Finally, we note two additional considerations. First, partial repetition costs in the PRC task are larger for task-relevant stimulus features than for task-irrelevant stimulus features (Hommel, 1998, 2007). Thus, we will assess such costs separately for (1) the task-relevant stimulus feature (i.e., color) and (2) the task-irrelevant stimulus feature (i.e., location). Second, precisely because partial repetition costs in the PRC task are larger for task-relevant (vs. task-irrelevant) stimulus features, we may observe significant “signal-free” complete alternation advantages in a four-choice PRC task for (1) the task-relevant stimulus feature but not (2) the task-irrelevant stimulus feature. This outcome would suggest that binding alone is insufficient to produce “signal-free” complete alternation advantages for the task-irrelevant stimulus feature, especially if such advantages are robust in an otherwise-matched two-choice PRC task. In other words, this outcome would suggest that reducing the influence of signaling by using a four-choice PRC task eliminates complete alternation advantages for the task-irrelevant stimulus feature.

Experiment 1

In Experiment 1, we conducted an online study of a two-choice PRC task. Here, we sought to establish – in an online setting – the effect sizes for the partial repetition costs and complete alternation advantages that Huffman et al. (2020) reported in relation to (1) a task-relevant stimulus feature (one of two possible colors) and (2) a task-irrelevant stimulus feature (one of two possible locations). As we described earlier, both hypotheses make the same predictions for a two-choice PRC task. We reasoned, however, that establishing the sizes of these effects would prove useful for a critical follow-up experiment involving a four-choice version of the same online task that has four task-relevant colors – rather than just two – and two task-irrelevant locations.Footnote 4

Methods

Participants

Based on power analyses conducted with G*Power 3.1.9.2 (Faul et al., 2007), we sought usable data from 40 participants. The analyses employed an alpha level of 0.05 and the effect sizes for the interactions in mean response time (RT) between (1) color and response (\( {\eta}_p^2 \) = 0.81) and (2) location and response (\( {\eta}_p^2 \) = 0.29) that Huffman et al. (2020), Experiment 2) observed. The results showed that 40 participants would provide over 99% power for observing an interaction between color and response and over 97% power for observing an interaction between location and response. Note that each of the two factors in these interactions had only two levels. Thus, the power analyses were equivalent to those for paired t-tests.

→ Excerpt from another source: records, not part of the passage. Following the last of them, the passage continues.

text \<open>The triple index is defined through an unspecified common transversal \<open>\<delta>\<close>; any such
  \<open>\<delta>\<close> is the graph of some \<open>D\<close>, and the three indices are then those of \<open>Z\<close>, \<open>D - B\<close> and
  \<open>D - A\<close>, which cancel by the Schur complement identity.\<close>

lemma triple_index_graph_mat_LD:
  assumes As: "symmetric_mat A" and Bs: "symmetric_mat B" and X: "pos_def (A - B)"
  shows "triple_index (graph_mat A) (graph_mat B) LD = 0"
proof -
  let ?P = "\<lambda>d. lagrangian d \<and> transversal d (graph_mat A) \<and> transversal d (graph_mat B)
    \<and> transversal d LD"
  define \<delta> where "\<delta> = (SOME d. ?P d)"
  have D0s: "symmetric_mat (B - mat 1)"
    using Bs unfolding symmetric_mat_def by (simp add: transpose_diff)
  have "?P (graph_mat (B - mat 1))"
    unfolding transversal_def graph_mat_Int_graph_mat
  proof (intro conjI allI impI lagrangian_graph_mat[OF D0s] graph_mat_Int_LD)
    fix p assume "(B - mat 1) *v p = A *v p"
    then have "p \<bullet> ((A - B) *v p) = - (p \<bullet> p)"
      by (simp add: matrix_vector_mult_diff_rdistrib algebra_simps)
    then have "\<not> 0 < p \<bullet> ((A - B) *v p)" by (simp add: not_less)
    then show "p = 0" using X unfolding pos_def_def by blast
  qed (simp_all add: matrix_vector_mult_diff_rdistrib)
  then have P\<delta>: "?P \<delta>" unfolding \<delta>_def by (rule someI)
  then obtain D where Ds: "symmetric_mat D" and \<delta>D: "\<delta> = graph_mat D"
    using lagrangian_obtain_graph_mat[of \<delta>] unfolding transversal_def by blast
  have "inj ((*v) (D - B))"
    using P\<delta> unfolding \<delta>D transversal_def graph_mat_Int_graph_mat vec.inj_iff_eq_0
    by (simp add: matrix_vector_mult_diff_rdistrib)
  then have Yi: "invertible (D - B)"
    using matrix_left_invertible_injective invertible_left_inverse by blast
  have Xs: "symmetric_mat (A - B)" using X unfolding pos_def_def by simp
  have "D - B - (A - B) = D - A" by simp
  then show ?thesis
    unfolding triple_index_def Let_def \<delta>_def[symmetric] \<delta>D
      neg_index_graph_mat_graph_mat[OF Bs Ds Xs Yi] neg_index_graph_mat_LD
    using neg_inertia_schur_complement[OF X symmetric_mat_diff[OF Ds Bs] Yi] by simp
qed

lemma triple_index_LD_eq_0:
  assumes La: "lagrangian \<alpha>" and Lb: "lagrangian \<beta>"
    and Fa: "\<And>x. x \<in> \<alpha> \<Longrightarrow> x \<noteq> 0 \<Longrightarrow> 0 < qv x \<bullet> pv x"
    and Fb: "\<And>x. x \<in> \<beta> \<Longrightarrow> x \<noteq> 0 \<Longrightarrow> qv x \<bullet> pv x < 0"
  shows "triple_index \<alpha> \<beta> LD = 0"
proof -
  have "\<alpha> \<inter> LD = {0}" "\<beta> \<inter> LD = {0}"
    using Fa Fb La Lb subspace_0 subspace_LD unfolding lagrangian_def
    by (fastforce simp: mem_LD_iff)+
  then obtain A B where As: "symmetric_mat A" "\<alpha> = graph_mat A"
    and Bs: "symmetric_mat B" "\<beta> = graph_mat B"
    using lagrangian_obtain_graph_mat La Lb by metis
  have "0 < p \<bullet> ((A - B) *v p)" if "p \<noteq> 0" for p
    using Fa[of "qp_vec (A *v p) p"] Fb[of "qp_vec (B *v p) p"] that
    by (simp add: As Bs qp_vec_in_graph_mat qp_vec_eq_0_iff matrix_vector_mult_diff_rdistrib
        inner_diff_right inner_commute)
  then have "pos_def (A - B)"
    unfolding pos_def_def using symmetric_mat_diff[OF As(1) Bs(1)] by blast
  then show ?thesis unfolding As Bs by (rule triple_index_graph_mat_LD[OF As(1) Bs(1)])
qed

section \<open>Polynomials of a complex matrix\<close>

definition poly_mat_vec :: "complex^'m^'m \<Rightarrow> complex poly \<Rightarrow> complex^'m \<Rightarrow> complex^'m" where
  "poly_mat_vec N p v = foldr (\<lambda>a w. a *s v + N *v w) (coeffs p) 0"

lemma poly_mat_vec_0 [simp]: "poly_mat_vec N 0 v = 0"
  by (simp add: poly_mat_vec_def)

lemma poly_mat_vec_pCons: "poly_mat_vec N (pCons a p) v = a *s v + N *v poly_mat_vec N p v"
  by (cases "p = 0 \<and> a = 0") (auto simp: poly_mat_vec_def cCons_def)

lemma poly_mat_vec_add: "poly_mat_vec N (p + q) v = poly_mat_vec N p v + poly_mat_vec N q v"
  by (induction p q rule: poly_induct2)
    (simp_all add: poly_mat_vec_pCons matrix_vector_right_distrib vector_sadd_rdistrib algebra_simps)

lemma poly_mat_vec_smult: "poly_mat_vec N (smult c p) v = c *s poly_mat_vec N p v"
  by (induction p rule: pCons_induct)
    (simp_all add: poly_mat_vec_pCons vector_scalar_commute vector_add_ldistrib vector_smult_assoc)

lemma poly_mat_vec_vec_0 [simp]: "poly_mat_vec N p 0 = 0"
  by (induction p rule: pCons_induct) (simp_all add: poly_mat_vec_pCons)

lemma poly_mat_vec_vec_add: "poly_mat_vec N p (v + w) = poly_mat_vec N p v + poly_mat_vec N p w"
  by (induction p rule: pCons_induct)
    (simp_all add: poly_mat_vec_pCons vector_add_ldistrib matrix_vector_right_distrib algebra_simps)

lemma poly_mat_vec_vec_scale: "poly_mat_vec N p (c *s v) = c *s poly_mat_vec N p v"
  by (induction p rule: pCons_induct)
    (simp_all add: poly_mat_vec_pCons vector_add_ldistrib vector_scalar_commute vector_smult_assoc
      mult.commute)

lemma poly_mat_vec_mult: "poly_mat_vec N (p * q) v = poly_mat_vec N p (poly_mat_vec N q v)"
  by (induction p rule: pCons_induct)
    (simp_all add: poly_mat_vec_pCons mult_pCons_left poly_mat_vec_add poly_mat_vec_smult)

lemma poly_mat_vec_sum: "poly_mat_vec N (sum f S) v = (\<Sum>i\<in>S. poly_mat_vec N (f i) v)"
  by (induction S rule: infinite_finite_induct) (simp_all add: poly_mat_vec_add)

Forty-one students from the Psychology Department subject pool at the University of Michigan participated for course credit. Students could participate only if they indicated via a subject pool questionnaire that they were not taking prescription or recreational psychoactive drugs, did not have any neurological or psychiatric disorders, and had no history of serious head injury or seizures. We excluded the data from one of the 41 participants who performed the task with less than 75% accuracy, leaving 40 participants for the final analyses (11 male, 29 female; mean age, 19 years: age range, 18–22 years). The University of Michigan’s Behavioral Sciences Institutional Review Board (IRB) determined that the study was exempt from oversight. Nonetheless, we obtained informed consent in accordance with the Declaration of Helsinki and, more generally, conducted the study in accordance with the regulations of the IRB.

Stimuli and apparatus

Three empty white boxes arranged vertically (i.e., an empty three-box array, height = 364 pixels, width = 135 pixels) remained on the screen at all times except for briefly after an incorrect response (see Experimental design). Three additional stimuli appeared in each trial: a response cue (“1” or “2”; 44 × 27 pixels) in the central box, a Cued Response Stimulus (blue or green) in the top or bottom box (121 × 135 pixels), and a Discrimination Response Stimulus (blue or green) in the top or bottom box (121 × 135 pixels). All stimuli appeared in white on a black background. Participants pressed the Z or M key to respond in each trial. We programmed the experiment in PsychoPy (Peirce et al., 2019), converted it to an online format on Pavlovia (https://pavlovia.org/), and presented it to participants via a web browser outside of the lab.

Experimental design

Each trial included six successive stimuli (Fig. 1). First, there was an empty three-box array (duration, 2,000 ms). Second, the response cue (1 or 2) appeared in the central box (duration, 500 ms). Third, there was an empty three-box array (duration, 500 ms). Fourth, the Cued Response Stimulus (blue or green) appeared in the top or bottom box (duration, until response). Fifth, there was an empty three-box array (duration, 500 ms). Sixth, and finally, the Discrimination Response Stimulus (blue or green) appeared in the top or bottom box (duration, until response). Each of the 32 possible combinations of response cue (1 or 2), Cued Response Stimulus color (blue or green), Cued Response Stimulus location (top or bottom), Discrimination Response Stimulus color (blue or green), and Discrimination Response Stimulus location (top or bottom) appeared once in a random order in each 32-trial block.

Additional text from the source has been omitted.